UK-based Compass Pathways led a groundbreaking IPO last week. Share prices spiked 71 percent to nearly $30 after the initial offering of 7.5 million shares, which launched at $17 each. Current value of the company based on its 34 million shares is estimated at nearly $1 billion. It’s listed on Nasdaq as “CMPS.”
The mental health care company, which launched in 2016, is currently working on developing psilocybin-based treatments for depression. More than 100 million people suffer from treatment-resistant depression (TRD), an “economic burden” Compass estimates costs more than $200 billion annually.
While it’s still unclear how psychedelics improve mood over time, clinical trials have pointed to the potential long-term benefit of psilocybin in stabilizing mood and showing benefits in the treatment of TRD. It’s also being studied for use in PTSD and anxiety.
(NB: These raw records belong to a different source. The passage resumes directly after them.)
lemma index_le_fib_if_not_codim_one:
  assumes nil: "nilpotent_alg c n" and nz: "apow c n k \<noteq> {0}"
    and "1 \<le> s" "s < k" and after_s: "\<And>j. s < j \<Longrightarrow> j \<le> k \<Longrightarrow> apow c n j = apow c n k"
    and no_codim_one: "\<And>w. w \<in> apow c n s \<Longrightarrow> \<not> apow c n s \<subseteq> V.span (insert w (apow c n (Suc s)))"
    and bound: "s \<le> fib (n - V.dim (apow c n s) + 1)"
  shows "k \<le> fib (n - V.dim (apow c n k) + 1)"
proof -
  let ?N = "apow c n" and ?d = "\<lambda>j. V.dim (apow c n j)"
  have "?N (Suc s) = ?N k"
    using after_s[of "Suc s"] \<open>s < k\<close> by simp
  moreover have "?d (Suc s) + 2 \<le> ?d s"
    by (rule dim_add_two_if_not_codim_one[OF apow_Suc_subset[OF \<open>1 \<le> s\<close>] apow_subset_vecs
          subspace_apow subspace_apow no_codim_one])
  ultimately have "?d k + 2 \<le> ?d s"
    by simp
  have "k \<le> 2 * fib (n - ?d s + 1)"
    using index_le_twice_last_change[OF nil nz \<open>1 \<le> s\<close> \<open>s < k\<close> after_s] bound by simp
  also have "\<dots> \<le> fib (n - ?d s + 1 + 2)"
    by (rule twice_fib_le)
  also have "\<dots> \<le> fib (n - ?d k + 1)"
    using \<open>?d k + 2 \<le> ?d s\<close> dim_apow_le[of c n s] by (intro fib_mono) linarith
  finally show ?thesis .
qed

lemma index_le_fib_codim:
  assumes nil: "nilpotent_alg c n" and ac: "anticomm c n"
  shows "1 \<le> k \<Longrightarrow> apow c n k \<noteq> {0} \<Longrightarrow> k \<le> fib (n - V.dim (apow c n k) + 1)"
proof (induction k rule: less_induct)
  case (less k)
  show ?case
  proof (cases "k = 1")
    case True
    then show ?thesis
      using fib_neq_0_nat[of "n - V.dim (apow c n k) + 1"] by simp
  next
    case False
    obtain s where "s < k" and after_s: "\<And>j. s < j \<Longrightarrow> j \<le> k \<Longrightarrow> apow c n j = apow c n k"
      and drop_s: "1 \<le> s \<Longrightarrow> apow c n k \<subset> apow c n s"
      using apow_last_change[OF less.prems(1)] by blast
    have "1 \<le> s"
    proof (rule ccontr)
      assume "\<not> 1 \<le> s"
      then have "apow c n 2 = apow c n 1"
        using after_s[of 1] after_s[of 2] False less.prems(1) by simp
      then show False
        using apow_eq_zero_mono[OF _ _ apow_two_eq_zero_if_stable[OF nil], of k] False less.prems by simp
    qed
    have bound: "j \<le> fib (n - V.dim (apow c n j) + 1)"
      if "1 \<le> j" "j \<le> s" "apow c n j \<noteq> {0}" for j
      using less.IH[OF _ that(1,3)] that(2) \<open>s < k\<close> by simp
    show ?thesis
    proof (cases "\<exists>w\<in>apow c n s. apow c n s \<subseteq> V.span (insert w (apow c n (Suc s)))")
      case True
      then show ?thesis
        using index_le_fib_if_codim_one[OF nil ac less.prems(2) \<open>1 \<le> s\<close> \<open>s < k\<close> after_s
            drop_s[OF \<open>1 \<le> s\<close>] _ _ bound] by blast
    next
      case False
      have "apow c n s \<noteq> {0}"
        using drop_s[OF \<open>1 \<le> s\<close>] less.prems(2) zero_in_apow[of c n k] by blast
      then show ?thesis
        using False index_le_fib_if_not_codim_one[OF nil less.prems(2) \<open>1 \<le> s\<close> \<open>s < k\<close> after_s _
            bound[OF \<open>1 \<le> s\<close> order_refl]] by blast
    qed
  qed
qed

lemma nil_index_spec: "nilpotent_alg c n \<Longrightarrow> 1 \<le> nil_index c n \<and> apow c n (nil_index c n) = {0}"
  unfolding nilpotent_alg_def nil_index_def zero_fun_def by (rule LeastI_ex) simp

lemma apow_nonzero_below_nil_index:
  "1 \<le> k \<Longrightarrow> k < nil_index c n \<Longrightarrow> apow c n k \<noteq> {0}"
  unfolding nil_index_def zero_fun_def using not_less_Least by blast

lemma nil_index_le_fib:
  assumes "1 \<le> n" and ac: "anticomm c n" and nil: "nilpotent_alg c n"
  shows "nil_index c n \<le> fib n + 1"
proof -
  define m where "m = nil_index c n"
  have m: "1 \<le> m" "apow c n m = {0}"
    using nil_index_spec[OF nil] unfolding m_def by auto
  have "unit_vec 1 \<in> apow c n 1" "unit_vec 1 \<noteq> 0"
    using unit_vec_in_vecs[of 1 n] \<open>1 \<le> n\<close> by (auto simp: apow_le_one unit_vec_def fun_eq_iff)
  then have "m \<noteq> 1"
    using m(2) by auto
  then have "2 \<le> m"
    using m(1) by simp
  then have nz: "apow c n (m - 1) \<noteq> {0}"
    using apow_nonzero_below_nil_index[of "m - 1"] unfolding m_def by simp
  have "m - 1 \<le> fib (n - V.dim (apow c n (m - 1)) + 1)"
    using index_le_fib_codim[OF nil ac _ nz] \<open>2 \<le> m\<close> by simp
  also have "\<dots> \<le> fib n"
    using dim_ge_one[OF apow_subset_vecs subspace_apow nz] \<open>1 \<le> n\<close> by (intro fib_mono) simp
  finally show ?thesis
    unfolding m_def by simp
qed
While there are significant developments in Canada and the U.S. in the psychedelic research market, the UK and the EU have been slower to fund psychedelic research projects, even despite the Imperial College London hosting the first-ever psilocybin clinical trial in 2016. But this IPO may change the landscape for European and UK companies.
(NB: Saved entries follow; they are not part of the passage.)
(* Let $G\cong Sz(q)={}^2B_2(q)$ with $q=2^{2m+1}$ and $m\ge 1$. Then $o(G)\ge 3.55$.
   Context: For a finite group $G$, $\psi(G)=\sum_{x\in G}|x|$ where $|x|$ is the order of $x$, and $o(G)=\psi(G)/|G|$. $Sz(q)$ is the Suzuki simple group over the field with $q$ elements. *)

theory Defs
  imports "HOL-Analysis.Analysis" "HOL-Algebra.Multiplicative_Group"
begin

definition psi :: "('g, 'c) monoid_scheme \<Rightarrow> nat" where
  "psi G = (\<Sum>x\<in>carrier G. group.ord G x)"

definition avg_order :: "('g, 'c) monoid_scheme \<Rightarrow> real" where
  "avg_order G = real (psi G) / real (card (carrier G))"

text \<open>Suzuki group Sz(q), q = 2^(2m+1), over a finite field 'a of order q,
  as the subgroup of GL_4 generated by the matrices T(a,b), M(l) (l nonzero)
  and the antidiagonal matrix W (Wilson, The Finite Simple Groups, 4.2).
  Here a^theta = a^(2^(m+1)), so theta^2 is the Frobenius map.\<close>

definition sz_T :: "nat \<Rightarrow> 'a::field \<Rightarrow> 'a \<Rightarrow> 'a^4^4" where
  "sz_T m a b = (let th = 2^(m+1) in
     vector [vector [1, 0, 0, 0],
             vector [a, 1, 0, 0],
             vector [b, a^th, 1, 0],
             vector [a^(2+th) + a*b + b^th, a^(1+th) + b, a, 1]])"

definition sz_M :: "nat \<Rightarrow> 'a::field \<Rightarrow> 'a^4^4" where
  "sz_M m l = (let e = 2^m in
     vector [vector [l^(1+e), 0, 0, 0],
             vector [0, l^e, 0, 0],
             vector [0, 0, (inverse l)^e, 0],
             vector [0, 0, 0, (inverse l)^(1+e)]])"

definition sz_W :: "'a::field^4^4" where
  "sz_W = vector [vector [0, 0, 0, 1], vector [0, 0, 1, 0],
                  vector [0, 1, 0, 0], vector [1, 0, 0, 0]]"

definition sz_gens :: "nat \<Rightarrow> ('a::field^4^4) set" where
  "sz_gens m = {sz_T m a b | a b. True} \<union> {sz_M m l | l. l \<noteq> 0} \<union> {sz_W}"

text \<open>Closure of the identity under left multiplication by generators; since
  every generator is invertible of finite order over a finite field, this is the
  subgroup generated.\<close>
inductive_set sz_carrier :: "nat \<Rightarrow> ('a::field^4^4) set" for m where
  one: "mat 1 \<in> sz_carrier m"
| step: "g \<in> sz_gens m \<Longrightarrow> x \<in> sz_carrier m \<Longrightarrow> g ** x \<in> sz_carrier m"

definition Sz :: "nat \<Rightarrow> ('a::field^4^4) monoid" where
  "Sz m = \<lparr>carrier = sz_carrier m, mult = (**), one = mat 1\<rparr>"

end

theory Submission
  imports Defs
begin

text \<open>The torus \<open>T = {M \<lambda> | \<lambda> \<noteq> 0}\<close> of \<open>Sz(q)\<close> is cyclic of order
  \<open>q - 1 = 2\<^bsup>2m+1\<^esup> - 1\<close>, which is prime to 2, 3 and 5, so every element of \<open>T - {1}\<close>
  has order at least 7. An element \<open>j\<close> conjugating some \<open>M \<lambda>\<^sub>0 \<noteq> 1\<close> into \<open>T\<close> permutes the
  eigenspaces of \<open>M \<lambda>\<^sub>0\<close>; since \<open>Sz(q)\<close> preserves the Suzuki ovoid and a symplectic
  form, this forces \<open>j \<in> T \<union> W T\<close>. Double counting the pairs \<open>(k, h) \<in> G \<times> (T - {1})\<close>
  by \<open>k h k\<inverse>\<close> then shows that the conjugates of \<open>T - {1}\<close> make up at least
  \<open>(q - 2) / (2(q - 1)) \<ge> 3/7\<close> of \<open>G\<close> when \<open>q \<ge> 8\<close>, whence
  \<open>\<psi>(G) \<ge> |G| + 6 \<cdot> 3/7 |G| = 25/7 |G| > 3.55 |G|\<close>.\<close>

lemma ord_hom_inj_eq:
  assumes G: "group G" and H: "group H" and hom: "\<phi> \<in> hom G H"
    and inj: "inj_on \<phi> (carrier G)" and x: "x \<in> carrier G"
  shows "group.ord H (\<phi> x) = group.ord G x"
proof -
  have "\<phi> x [^]\<^bsub>H\<^esub> n = \<one>\<^bsub>H\<^esub> \<longleftrightarrow> x [^]\<^bsub>G\<^esub> n = \<one>\<^bsub>G\<^esub>" for n :: nat
  proof -
    have "\<phi> x [^]\<^bsub>H\<^esub> n = \<phi> (x [^]\<^bsub>G\<^esub> n)" "\<one>\<^bsub>H\<^esub> = \<phi> \<one>\<^bsub>G\<^esub>"
      using hom_nat_pow[OF hom x G H] hom G H
      by (simp_all add: group_hom.hom_one group_hom_axioms_def group_hom_def)
    then show ?thesis
      using inj x G by (simp add: inj_on_eq_iff group.is_monoid monoid.nat_pow_closed)
  qed
  moreover have "\<phi> x \<in> carrier H" using hom x by (simp add: hom_def Pi_def)
  ultimately show ?thesis using G H x by (simp add: group.ord_unique group.pow_eq_id)
qed

lemma (in group) conj_eq_iff:
  assumes "k \<in> carrier G" "h \<in> carrier G" "x \<in> carrier G"
  shows "k \<otimes> h \<otimes> inv k = x \<longleftrightarrow> h = inv k \<otimes> x \<otimes> k"
proof -
  have "k \<otimes> h \<otimes> inv k = x \<longleftrightarrow> k \<otimes> h = x \<otimes> k"
    using assms by (simp add: inv_solve_right')
  also have "\<dots> \<longleftrightarrow> h = inv k \<otimes> (x \<otimes> k)"
    using assms by (auto simp: inv_solve_left)
  finally show ?thesis using assms by (simp add: m_assoc)
qed

lemma (in group) ord_conj:
  assumes g: "g \<in> carrier G" and x: "x \<in> carrier G"
  shows "ord (g \<otimes> x \<otimes> inv g) = ord x"
proof -
  have cancel: "inv g \<otimes> (g \<otimes> z) = z" if "z \<in> carrier G" for z
    using g that by (simp add: m_assoc[symmetric])
  have hom: "(\<lambda>x. g \<otimes> x \<otimes> inv g) \<in> hom G G"
    using g by (intro homI) (simp_all add: m_assoc cancel)
  have inj: "inj_on (\<lambda>x. g \<otimes> x \<otimes> inv g) (carrier G)"
    using g by (intro inj_onI) simp
  show ?thesis
    using ord_hom_inj_eq[OF is_group is_group hom inj x] by (simp only:)
qed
Canada has seen several IPOs recently, including another psilocybin-based company, Champignon Brands, which went public in February.
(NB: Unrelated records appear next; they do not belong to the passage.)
lemma lower_barrier_strict:
  assumes eps: "eps > 0" and kap: "kap > 0" and l0: "l0 \<ge> 0" and mu: "mu > 0" and x: "x \<in> {0..1}"
    and gam_growth: "gam' x \<ge> c * del x"
    and gap: "(2 * rb x - 1) * del x - (del x) ^ 2 - gam x \<ge> mu"
    and m: "m > 0" "kap \<le> 2 * m" "l0 * exp (- (kap / eps) * x) \<le> 2 * rb x - 1 - 2 * del x - m"
    and M: "\<bar>drb x - del' x\<bar> \<le> M"
    and eps_mu: "eps + c * l0 * eps / kap \<le> mu / 2"
    and eps_Mb: "eps * M < mu"
  shows "drb x - del' x + (kap / eps) * (l0 * exp (- (kap / eps) * x))
      < rho_slope eps (rho_lower eps kap l0 del x) (V_lower eps kap l0 gam x)"
    and "c * (rb x - rK) - gam' x - c * l0 * exp (- (kap / eps) * x) - eps < c * (rho_lower eps kap l0 del x - rK)"
proof -
  define E where "E = exp (- (kap / eps) * x)"
  define l where "l = l0 * E"
  define lam where "lam = c * l0 * (eps / kap) * (1 - E)"
  have l_ge: "l \<ge> 0" using l0 by (simp add: l_def E_def)
  have lam_le: "lam \<le> c * l0 * eps / kap" using layer_integral_bounds[OF eps kap l0, of x] x by (simp add: lam_def E_def)
  have Q: "rho_lower eps kap l0 del x = rb x - (del x + l)" by (simp add: rho_lower_def l_def E_def)
  have Z: "V_lower eps kap l0 gam x = Vb x - gam x - lam - eps * x" by (simp add: V_lower_def lam_def E_def)
  have id: "V_lower eps kap l0 gam x + rho_lower eps kap l0 del x - (rho_lower eps kap l0 del x) ^ 2
      = ((2 * rb x - 1) * del x - (del x) ^ 2 - gam x) + l * (2 * rb x - 1 - 2 * del x - l) - lam - eps * x"
    unfolding Q Z Vb_def by (simp add: power2_eq_square algebra_simps)
  have lm: "l * m = m * l" by simp
  have "eps * x \<le> eps" using x eps by (simp add: mult_left_le)
  moreover have "l * (2 * rb x - 1 - 2 * del x - l) \<ge> l * m"
    using m(3) l_ge by (intro mult_left_mono) (auto simp: l_def E_def)
  ultimately have S: "V_lower eps kap l0 gam x + rho_lower eps kap l0 del x - (rho_lower eps kap l0 del x) ^ 2
      \<ge> mu / 2 + m * l"
    unfolding id using gap eps_mu lam_le lm by linarith
  have "drb x - del' x + (kap / eps) * (l0 * exp (- (kap / eps) * x)) \<le> M + (kap / eps) * l"
    using M by (simp add: l_def E_def abs_le_iff)
  also have "\<dots> < mu / eps + (2 * m / eps) * l"
  proof -
    have "M < mu / eps" using eps_Mb eps by (simp add: field_simps)
    moreover have "(kap / eps) * l \<le> (2 * m / eps) * l"
      using m l_ge eps by (intro mult_right_mono divide_right_mono) auto
    ultimately show ?thesis by linarith
  qed
  also have "\<dots> = 2 / eps * (mu / 2 + m * l)" using eps by (simp add: field_simps)
  also have "\<dots> \<le> rho_slope eps (rho_lower eps kap l0 del x) (V_lower eps kap l0 gam x)"
    unfolding rho_slope_def using S eps by (intro mult_left_mono) auto
  finally show "drb x - del' x + (kap / eps) * (l0 * exp (- (kap / eps) * x))
      < rho_slope eps (rho_lower eps kap l0 del x) (V_lower eps kap l0 gam x)" .
  show "c * (rb x - rK) - gam' x - c * l0 * exp (- (kap / eps) * x) - eps < c * (rho_lower eps kap l0 del x - rK)"
    using gam_growth eps unfolding Q by (simp add: l_def E_def algebra_simps)
qed

end

section \<open>Shooting from \<open>\<rho>(0) = \<alpha>\<close>\<close>

lemma exp_neg_le_inverse:
  assumes "(t::real) > 0"
  shows "exp (- t) \<le> 1 / t"
proof -
  have "t \<le> exp t" using exp_ge_add_one_self[of t] by linarith
  then have "1 / exp t \<le> 1 / t" using assms by (intro divide_left_mono) auto
  then show ?thesis by (simp add: exp_minus field_simps)
qed

lemma nbhd_memI:
  assumes bdd: "bdd_above (rhohat ` {0..1})" "bdd_below (rhohat ` {0..1})"
    and near: "\<And>x. x \<in> {0..1} \<Longrightarrow> \<exists>y1 y2. y1 \<in> {0..1} \<and> y2 \<in> {0..1} \<and> \<bar>y1 - x\<bar> \<le> Delta \<and> \<bar>y2 - x\<bar> \<le> Delta
      \<and> rhohat y1 - Delta < rho x \<and> rho x < rhohat y2 + Delta"
  shows "rho \<in> nbhd rhohat Delta"
  unfolding nbhd_def
proof (intro CollectI ballI)
  fix x :: real assume "x \<in> {0..1}"
  then obtain y1 y2 where y: "y1 \<in> {0..1}" "y2 \<in> {0..1}" "\<bar>y1 - x\<bar> \<le> Delta" "\<bar>y2 - x\<bar> \<le> Delta"
    and r: "rhohat y1 - Delta < rho x" "rho x < rhohat y2 + Delta"
    using near by blast
  define W where "W = {0..1} \<inter> {x - Delta..x + Delta}"
  have "y1 \<in> W" "y2 \<in> W" using y by (auto simp: W_def abs_le_iff)
  moreover have "bdd_above (rhohat ` W)" "bdd_below (rhohat ` W)"
    using bdd by (auto simp: W_def intro: bdd_above_mono bdd_below_mono)
  ultimately have "Inf (rhohat ` W) \<le> rhohat y1" "rhohat y2 \<le> Sup (rhohat ` W)"
    by (auto intro: cInf_lower cSup_upper)
  then show "Inf (rhohat ` ({0..1} \<inter> {x - Delta..x + Delta})) - Delta < rho x \<and>
      rho x < Sup (rhohat ` ({0..1} \<inter> {x - Delta..x + Delta})) + Delta"
    using r by (simp add: W_def)
qed

lemma eps_lim_of_eventually:
  assumes "\<And>Delta. Delta > 0 \<Longrightarrow> \<forall>\<^sub>F eps in at_right 0. rhos eps \<in> nbhd rhohat Delta"
  shows "eps_lim rhos rhohat"
  using assms unfolding eps_lim_def eventually_at_right_field by blast

lemma eventually_mult_less_at_right_0:
  assumes "0 < k"
  shows "\<forall>\<^sub>F eps in at_right 0. a * eps < (k::real)"
proof -
  have "((\<lambda>eps. a * eps) \<longlongrightarrow> 0) (at_right (0::real))"
    by (intro tendsto_eq_intros) auto
  then show ?thesis using assms by (rule order_tendstoD)
qed

locale shooting = outer_solution c rK rb for c rK :: real and rb :: "real \<Rightarrow> real" +
  fixes alpha m0 Mr M1 :: real
  assumes m0_pos: "m0 > 0" and M1_nonneg: "M1 \<ge> 0"
    and rb_bounds: "\<And>x. x \<in> {0..1} \<Longrightarrow> m0 \<le> 2 * rb x - 1 \<and> 2 * rb x - 1 \<le> Mr \<and> \<bar>drb x\<bar> \<le> M1"
    and alpha_gt: "alpha > 1 - rb 0"
begin

text \<open>The barriers come in two families: \<open>\<delta> = A \<gamma>\<close>, \<open>\<gamma> = g e\<^sup>L\<^sup>g\<^sup>x\<close> keeps a
  solution shot with \<open>|V(0) - Vb(0)| < g\<close> close to \<open>\<rho>\<^sup>b\<close>, and the constant \<open>\<delta> = \<mp>B g\<close>, \<open>\<gamma> = \<mp>g\<close> decides the sign of
  \<open>\<rho>(1) - \<rho>\<^sup>b(1)\<close> when \<open>V(0)\<close> misses \<open>Vb(0)\<close> by more than \<open>g\<close>. The layer decays at
  rate \<open>\<kappa> / \<epsilon>\<close>, its amplitude is at most \<open>Lmax\<close>, and \<open>B0\<close> is the clipping radius.\<close>

definition "margin = alpha - (1 - rb 0)"
definition "A = 2 / m0"
definition "Lg = c * A"
definition "B = 1 / (2 * Mr)"
definition "D0 = min (margin / 12) (m0 / 8)"
definition "kap = min margin m0 / 4"
definition "gmax = min (min (D0 / (A * exp Lg)) (1 / (2 * A ^ 2 * exp Lg))) (min (D0 / B) (1 / (4 * B ^ 2)))"
definition "Lmax = \<bar>rb 0\<bar> + D0 + \<bar>alpha\<bar> + 1"
definition "Rb = (Mr + 1) / 2"
definition "Mb = M1 + A * Lg * gmax * exp Lg"
definition "B0 = Rb + D0 + Lmax + (Rb ^ 2 + Rb) + gmax * exp Lg + c * Lmax / kap + 1"
definition "x1 = margin / (8 * (M1 + 1))"

lemma margin_pos: "margin > 0" using alpha_gt by (simp add: margin_def)
lemma Mr_ge: "Mr \<ge> m0" using rb_bounds[of 0] by auto
lemma A_pos: "A > 0" using m0_pos by (simp add: A_def)
lemma Lg_pos: "Lg > 0" using c_pos A_pos by (simp add: Lg_def)
lemma B_pos: "B > 0" using Mr_ge m0_pos by (simp add: B_def)
lemma D0_pos: "D0 > 0" using margin_pos m0_pos by (simp add: D0_def)
lemma kap_pos: "kap > 0" using margin_pos m0_pos by (simp add: kap_def)
lemma gmax_pos: "gmax > 0" using D0_pos A_pos B_pos by (simp add: gmax_def)
lemma Lmax_ge1: "Lmax \<ge> 1" using D0_pos by (simp add: Lmax_def)
lemma x1_pos: "x1 > 0" using margin_pos M1_nonneg by (simp add: x1_def)
lemma kap_le: "kap \<le> margin / 4" "kap \<le> m0 / 4" by (auto simp: kap_def)
lemma D0_le: "D0 \<le> margin / 12" "D0 \<le> m0 / 8" by (auto simp: D0_def)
“This is a game-changer for the industry,” Bill Stern, managing partner at Venture Group Capital, said in a statement about Compass’ launch. “Unfortunately, a lot of public companies when they have come to market have been trading on the smaller exchanges with very little exposure. This is going to change the game and is going to change the industry dramatically.”
Compass says the funding will support research and clinical trials as well as the development of digital technologies aimed to support the substance-based therapies.
The UK-based company received “breakthrough therapy” status from the U.S. Food and Drug Administration in 2018, which allowed it to accelerate its production of psilocybin-based therapies. It’s now involved in a Phase IIb trial; approval for its depression treatment could come within three years.